### WHAT YOU SHOULD DO:
Nothing but the lines holding the string "auto" should appear in the answer. Copy them from the entries.

### RECORDS FOR THE TASK:
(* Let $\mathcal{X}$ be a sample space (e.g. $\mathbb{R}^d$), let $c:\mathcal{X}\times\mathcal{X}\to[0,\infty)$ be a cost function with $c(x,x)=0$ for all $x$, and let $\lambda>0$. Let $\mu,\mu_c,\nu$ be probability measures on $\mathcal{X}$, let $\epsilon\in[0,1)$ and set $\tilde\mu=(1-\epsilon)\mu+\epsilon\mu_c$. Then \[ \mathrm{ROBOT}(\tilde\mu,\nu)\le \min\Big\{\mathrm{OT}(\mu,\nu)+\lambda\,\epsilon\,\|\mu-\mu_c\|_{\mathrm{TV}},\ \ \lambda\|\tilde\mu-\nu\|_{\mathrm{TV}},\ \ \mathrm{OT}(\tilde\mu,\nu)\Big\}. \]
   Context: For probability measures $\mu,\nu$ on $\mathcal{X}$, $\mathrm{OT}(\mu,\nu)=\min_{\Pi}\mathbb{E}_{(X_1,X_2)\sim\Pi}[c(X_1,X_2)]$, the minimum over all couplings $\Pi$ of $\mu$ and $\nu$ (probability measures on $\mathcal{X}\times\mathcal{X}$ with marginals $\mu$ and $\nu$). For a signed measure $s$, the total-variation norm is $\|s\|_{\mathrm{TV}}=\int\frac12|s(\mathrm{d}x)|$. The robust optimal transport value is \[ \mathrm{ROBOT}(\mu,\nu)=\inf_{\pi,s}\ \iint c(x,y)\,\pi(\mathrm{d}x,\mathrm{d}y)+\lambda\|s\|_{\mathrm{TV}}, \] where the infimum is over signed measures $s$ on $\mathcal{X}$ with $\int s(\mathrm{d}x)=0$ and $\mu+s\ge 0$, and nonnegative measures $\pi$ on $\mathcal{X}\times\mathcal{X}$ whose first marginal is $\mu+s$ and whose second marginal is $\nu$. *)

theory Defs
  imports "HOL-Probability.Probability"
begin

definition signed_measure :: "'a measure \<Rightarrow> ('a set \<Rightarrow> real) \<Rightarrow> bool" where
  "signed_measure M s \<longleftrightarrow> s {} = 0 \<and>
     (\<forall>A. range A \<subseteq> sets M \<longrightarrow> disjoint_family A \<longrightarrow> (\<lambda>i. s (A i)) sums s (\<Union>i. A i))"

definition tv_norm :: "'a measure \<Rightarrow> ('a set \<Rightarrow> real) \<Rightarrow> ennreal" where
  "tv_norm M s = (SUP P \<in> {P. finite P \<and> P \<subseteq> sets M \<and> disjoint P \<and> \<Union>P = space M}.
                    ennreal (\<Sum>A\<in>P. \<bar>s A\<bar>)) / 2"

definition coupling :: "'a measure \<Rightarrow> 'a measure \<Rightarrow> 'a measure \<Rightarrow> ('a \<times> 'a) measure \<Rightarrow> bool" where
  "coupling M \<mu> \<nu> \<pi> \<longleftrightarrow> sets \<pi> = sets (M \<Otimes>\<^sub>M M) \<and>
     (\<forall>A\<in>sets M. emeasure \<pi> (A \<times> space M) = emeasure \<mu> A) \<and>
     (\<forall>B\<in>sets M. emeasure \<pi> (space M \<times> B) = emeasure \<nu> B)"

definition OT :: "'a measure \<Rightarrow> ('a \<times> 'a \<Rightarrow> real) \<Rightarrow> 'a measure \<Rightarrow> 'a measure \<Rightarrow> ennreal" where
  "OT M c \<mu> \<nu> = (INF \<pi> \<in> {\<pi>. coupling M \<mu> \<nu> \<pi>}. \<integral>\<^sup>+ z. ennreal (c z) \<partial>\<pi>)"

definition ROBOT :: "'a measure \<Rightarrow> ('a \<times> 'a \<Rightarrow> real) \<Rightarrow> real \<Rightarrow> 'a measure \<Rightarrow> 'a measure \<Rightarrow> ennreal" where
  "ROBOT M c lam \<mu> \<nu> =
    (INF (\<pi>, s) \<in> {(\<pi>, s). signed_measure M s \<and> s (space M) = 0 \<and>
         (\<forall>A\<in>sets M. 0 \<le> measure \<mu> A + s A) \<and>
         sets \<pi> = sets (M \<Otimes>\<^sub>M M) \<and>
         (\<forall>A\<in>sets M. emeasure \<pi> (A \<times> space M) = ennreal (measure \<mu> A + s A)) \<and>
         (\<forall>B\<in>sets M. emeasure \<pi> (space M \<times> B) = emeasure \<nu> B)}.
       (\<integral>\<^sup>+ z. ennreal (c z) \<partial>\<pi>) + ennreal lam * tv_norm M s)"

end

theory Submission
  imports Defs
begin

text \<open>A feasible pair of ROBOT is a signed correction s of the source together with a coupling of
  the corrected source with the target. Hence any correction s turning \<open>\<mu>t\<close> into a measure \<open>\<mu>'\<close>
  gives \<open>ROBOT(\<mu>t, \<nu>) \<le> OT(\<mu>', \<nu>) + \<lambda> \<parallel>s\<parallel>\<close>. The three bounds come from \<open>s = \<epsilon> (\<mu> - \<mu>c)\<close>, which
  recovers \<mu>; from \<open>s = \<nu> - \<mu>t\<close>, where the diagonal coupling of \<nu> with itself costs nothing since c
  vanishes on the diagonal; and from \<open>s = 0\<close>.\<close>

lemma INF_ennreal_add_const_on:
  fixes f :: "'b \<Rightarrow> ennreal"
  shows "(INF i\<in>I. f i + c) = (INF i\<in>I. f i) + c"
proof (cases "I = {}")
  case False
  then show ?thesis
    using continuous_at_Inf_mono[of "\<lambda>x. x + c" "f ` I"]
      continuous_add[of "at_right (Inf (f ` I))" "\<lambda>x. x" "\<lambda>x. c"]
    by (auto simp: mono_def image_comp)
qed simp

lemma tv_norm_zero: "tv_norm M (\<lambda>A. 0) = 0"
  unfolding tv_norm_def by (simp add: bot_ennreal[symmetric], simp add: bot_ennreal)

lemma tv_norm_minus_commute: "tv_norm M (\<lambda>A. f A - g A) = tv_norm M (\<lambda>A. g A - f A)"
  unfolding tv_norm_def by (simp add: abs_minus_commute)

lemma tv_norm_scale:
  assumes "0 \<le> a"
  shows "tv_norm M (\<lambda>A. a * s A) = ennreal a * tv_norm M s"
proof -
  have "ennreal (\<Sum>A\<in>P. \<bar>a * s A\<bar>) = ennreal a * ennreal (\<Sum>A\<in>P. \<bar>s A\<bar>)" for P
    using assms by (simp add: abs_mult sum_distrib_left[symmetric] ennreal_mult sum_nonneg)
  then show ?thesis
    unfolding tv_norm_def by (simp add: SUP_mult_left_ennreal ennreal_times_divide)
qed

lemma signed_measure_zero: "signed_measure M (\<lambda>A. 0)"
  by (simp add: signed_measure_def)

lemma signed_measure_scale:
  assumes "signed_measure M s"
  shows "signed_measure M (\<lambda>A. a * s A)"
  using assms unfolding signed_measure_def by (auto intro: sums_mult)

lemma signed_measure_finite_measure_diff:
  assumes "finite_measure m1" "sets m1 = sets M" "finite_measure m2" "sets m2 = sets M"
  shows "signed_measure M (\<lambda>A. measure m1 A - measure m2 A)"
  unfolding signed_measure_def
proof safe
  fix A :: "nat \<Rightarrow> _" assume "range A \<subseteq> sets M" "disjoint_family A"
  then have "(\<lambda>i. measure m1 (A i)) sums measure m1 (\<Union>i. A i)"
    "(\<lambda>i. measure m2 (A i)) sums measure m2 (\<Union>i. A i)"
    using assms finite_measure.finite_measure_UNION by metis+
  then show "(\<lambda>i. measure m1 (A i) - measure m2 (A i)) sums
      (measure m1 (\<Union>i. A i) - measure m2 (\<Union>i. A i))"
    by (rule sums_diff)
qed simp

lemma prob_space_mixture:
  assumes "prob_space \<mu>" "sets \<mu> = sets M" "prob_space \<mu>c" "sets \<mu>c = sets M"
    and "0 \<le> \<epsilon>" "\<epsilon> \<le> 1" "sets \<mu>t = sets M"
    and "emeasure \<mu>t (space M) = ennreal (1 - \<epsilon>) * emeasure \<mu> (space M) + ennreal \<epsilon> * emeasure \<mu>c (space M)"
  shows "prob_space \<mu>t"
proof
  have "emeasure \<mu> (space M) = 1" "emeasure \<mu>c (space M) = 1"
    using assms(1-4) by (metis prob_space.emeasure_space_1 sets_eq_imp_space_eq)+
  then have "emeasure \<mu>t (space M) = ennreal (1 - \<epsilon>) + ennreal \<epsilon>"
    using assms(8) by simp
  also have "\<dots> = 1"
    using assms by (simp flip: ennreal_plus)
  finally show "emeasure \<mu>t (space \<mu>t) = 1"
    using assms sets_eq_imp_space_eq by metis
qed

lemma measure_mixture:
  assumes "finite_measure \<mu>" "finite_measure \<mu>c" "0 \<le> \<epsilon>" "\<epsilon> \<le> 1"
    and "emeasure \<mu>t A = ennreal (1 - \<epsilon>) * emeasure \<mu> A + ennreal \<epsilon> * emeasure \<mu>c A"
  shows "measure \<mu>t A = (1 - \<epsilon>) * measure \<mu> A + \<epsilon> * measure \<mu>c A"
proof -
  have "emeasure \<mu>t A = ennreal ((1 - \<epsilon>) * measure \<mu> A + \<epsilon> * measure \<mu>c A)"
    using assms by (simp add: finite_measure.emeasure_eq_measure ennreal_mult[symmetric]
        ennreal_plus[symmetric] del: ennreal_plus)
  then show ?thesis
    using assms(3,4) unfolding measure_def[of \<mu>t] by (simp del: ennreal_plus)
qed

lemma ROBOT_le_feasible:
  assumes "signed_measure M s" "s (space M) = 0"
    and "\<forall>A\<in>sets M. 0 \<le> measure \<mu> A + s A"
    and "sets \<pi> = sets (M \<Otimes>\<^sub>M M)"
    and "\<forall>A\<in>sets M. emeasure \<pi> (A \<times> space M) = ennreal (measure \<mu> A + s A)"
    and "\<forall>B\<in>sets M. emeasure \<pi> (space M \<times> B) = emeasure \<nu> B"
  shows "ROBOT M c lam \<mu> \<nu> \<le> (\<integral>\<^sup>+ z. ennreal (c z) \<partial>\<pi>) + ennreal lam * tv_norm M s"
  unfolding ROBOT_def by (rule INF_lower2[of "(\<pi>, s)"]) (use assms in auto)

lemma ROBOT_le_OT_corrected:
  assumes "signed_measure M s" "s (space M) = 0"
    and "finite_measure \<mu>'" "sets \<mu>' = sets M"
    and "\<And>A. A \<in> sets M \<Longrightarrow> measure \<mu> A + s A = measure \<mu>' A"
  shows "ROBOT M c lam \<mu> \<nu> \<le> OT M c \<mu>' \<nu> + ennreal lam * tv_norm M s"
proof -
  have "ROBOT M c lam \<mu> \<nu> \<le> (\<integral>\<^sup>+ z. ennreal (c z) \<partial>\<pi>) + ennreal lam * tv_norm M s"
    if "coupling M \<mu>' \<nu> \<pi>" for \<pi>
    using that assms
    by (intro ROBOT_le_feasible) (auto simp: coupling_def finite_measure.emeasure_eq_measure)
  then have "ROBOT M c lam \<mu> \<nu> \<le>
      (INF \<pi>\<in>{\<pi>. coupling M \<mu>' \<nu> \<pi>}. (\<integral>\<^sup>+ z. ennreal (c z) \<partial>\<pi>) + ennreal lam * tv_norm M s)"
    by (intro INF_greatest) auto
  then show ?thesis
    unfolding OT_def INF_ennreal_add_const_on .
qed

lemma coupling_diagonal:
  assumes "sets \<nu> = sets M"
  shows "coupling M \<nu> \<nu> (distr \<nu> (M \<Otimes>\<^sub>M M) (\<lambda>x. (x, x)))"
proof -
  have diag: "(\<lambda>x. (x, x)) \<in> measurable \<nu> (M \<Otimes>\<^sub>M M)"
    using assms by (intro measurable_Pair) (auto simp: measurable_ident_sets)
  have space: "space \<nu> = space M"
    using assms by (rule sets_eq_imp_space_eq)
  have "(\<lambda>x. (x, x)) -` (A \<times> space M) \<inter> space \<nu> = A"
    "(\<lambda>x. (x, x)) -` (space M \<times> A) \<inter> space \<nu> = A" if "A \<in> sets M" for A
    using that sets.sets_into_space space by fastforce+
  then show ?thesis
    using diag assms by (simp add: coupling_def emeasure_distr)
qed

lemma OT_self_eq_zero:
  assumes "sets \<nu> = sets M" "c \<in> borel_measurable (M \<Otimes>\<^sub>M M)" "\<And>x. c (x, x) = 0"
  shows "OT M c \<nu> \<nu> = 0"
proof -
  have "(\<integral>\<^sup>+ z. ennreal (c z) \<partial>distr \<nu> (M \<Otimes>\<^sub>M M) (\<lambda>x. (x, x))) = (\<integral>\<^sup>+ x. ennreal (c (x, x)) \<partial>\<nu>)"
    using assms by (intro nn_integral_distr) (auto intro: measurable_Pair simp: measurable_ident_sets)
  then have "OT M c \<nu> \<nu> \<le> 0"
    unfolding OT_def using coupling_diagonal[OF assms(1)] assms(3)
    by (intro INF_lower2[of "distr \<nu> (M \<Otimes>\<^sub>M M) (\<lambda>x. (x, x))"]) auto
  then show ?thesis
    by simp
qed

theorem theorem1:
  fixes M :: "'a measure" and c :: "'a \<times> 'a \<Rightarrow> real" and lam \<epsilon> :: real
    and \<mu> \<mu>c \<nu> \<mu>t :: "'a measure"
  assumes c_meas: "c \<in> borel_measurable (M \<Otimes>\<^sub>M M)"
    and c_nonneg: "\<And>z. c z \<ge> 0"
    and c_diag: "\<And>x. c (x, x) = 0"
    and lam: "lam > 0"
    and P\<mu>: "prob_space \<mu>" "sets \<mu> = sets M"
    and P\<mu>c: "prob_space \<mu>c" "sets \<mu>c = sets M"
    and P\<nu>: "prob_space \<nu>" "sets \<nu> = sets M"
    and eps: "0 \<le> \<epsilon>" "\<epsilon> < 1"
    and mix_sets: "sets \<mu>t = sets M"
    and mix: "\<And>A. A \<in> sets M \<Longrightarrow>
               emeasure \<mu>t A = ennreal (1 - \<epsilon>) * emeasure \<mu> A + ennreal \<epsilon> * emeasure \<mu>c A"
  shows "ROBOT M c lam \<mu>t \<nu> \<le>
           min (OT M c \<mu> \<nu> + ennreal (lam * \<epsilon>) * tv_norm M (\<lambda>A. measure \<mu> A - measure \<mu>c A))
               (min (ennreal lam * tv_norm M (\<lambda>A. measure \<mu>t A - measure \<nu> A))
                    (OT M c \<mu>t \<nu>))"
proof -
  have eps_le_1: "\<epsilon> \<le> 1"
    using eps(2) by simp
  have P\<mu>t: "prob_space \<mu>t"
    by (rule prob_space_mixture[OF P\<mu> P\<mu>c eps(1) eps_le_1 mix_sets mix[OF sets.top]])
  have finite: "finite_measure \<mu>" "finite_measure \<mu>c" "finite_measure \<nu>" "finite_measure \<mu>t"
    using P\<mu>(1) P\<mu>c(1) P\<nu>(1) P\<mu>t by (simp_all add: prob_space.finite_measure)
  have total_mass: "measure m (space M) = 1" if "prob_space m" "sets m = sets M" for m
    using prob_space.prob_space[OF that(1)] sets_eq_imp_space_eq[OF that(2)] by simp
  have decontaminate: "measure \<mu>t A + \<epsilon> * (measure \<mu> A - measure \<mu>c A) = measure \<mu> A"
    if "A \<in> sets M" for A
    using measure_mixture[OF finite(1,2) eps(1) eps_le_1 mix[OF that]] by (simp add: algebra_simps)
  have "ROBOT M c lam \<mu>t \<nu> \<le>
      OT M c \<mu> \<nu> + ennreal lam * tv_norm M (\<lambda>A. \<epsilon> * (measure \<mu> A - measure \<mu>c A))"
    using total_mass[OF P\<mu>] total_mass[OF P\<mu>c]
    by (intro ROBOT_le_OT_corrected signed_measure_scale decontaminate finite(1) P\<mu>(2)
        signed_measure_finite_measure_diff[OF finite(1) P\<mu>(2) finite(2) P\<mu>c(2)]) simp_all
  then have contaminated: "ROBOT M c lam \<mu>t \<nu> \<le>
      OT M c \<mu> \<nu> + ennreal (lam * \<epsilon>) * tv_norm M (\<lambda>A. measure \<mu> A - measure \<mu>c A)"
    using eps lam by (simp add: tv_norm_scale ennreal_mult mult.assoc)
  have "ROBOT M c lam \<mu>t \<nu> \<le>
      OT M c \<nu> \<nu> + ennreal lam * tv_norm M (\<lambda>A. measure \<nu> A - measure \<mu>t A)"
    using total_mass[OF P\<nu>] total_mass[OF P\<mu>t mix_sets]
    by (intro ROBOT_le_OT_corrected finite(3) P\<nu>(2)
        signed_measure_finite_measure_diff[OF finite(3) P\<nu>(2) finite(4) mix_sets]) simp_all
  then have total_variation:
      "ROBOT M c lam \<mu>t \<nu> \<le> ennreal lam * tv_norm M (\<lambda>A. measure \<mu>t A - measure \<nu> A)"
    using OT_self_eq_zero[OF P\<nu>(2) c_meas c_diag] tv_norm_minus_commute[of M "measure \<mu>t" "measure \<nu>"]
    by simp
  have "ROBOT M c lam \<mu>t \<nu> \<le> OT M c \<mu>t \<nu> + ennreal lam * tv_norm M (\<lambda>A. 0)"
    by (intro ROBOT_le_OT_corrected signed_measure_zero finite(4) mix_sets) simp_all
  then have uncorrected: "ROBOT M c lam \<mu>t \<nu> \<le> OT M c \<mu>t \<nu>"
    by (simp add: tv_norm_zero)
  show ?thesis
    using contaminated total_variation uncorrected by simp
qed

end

### EXERCISE ANSWER:
    by (auto simp: mono_def image_comp)
  using assms unfolding signed_measure_def by (auto intro: sums_mult)
  unfolding ROBOT_def by (rule INF_lower2[of "(\<pi>, s)"]) (use assms in auto)
    by (intro ROBOT_le_feasible) (auto simp: coupling_def finite_measure.emeasure_eq_measure)
    by (intro INF_greatest) auto
    using assms by (intro measurable_Pair) (auto simp: measurable_ident_sets)
    using assms by (intro nn_integral_distr) (auto intro: measurable_Pair simp: measurable_ident_sets)
    by (intro INF_lower2[of "distr \<nu> (M \<Otimes>\<^sub>M M) (\<lambda>x. (x, x))"]) auto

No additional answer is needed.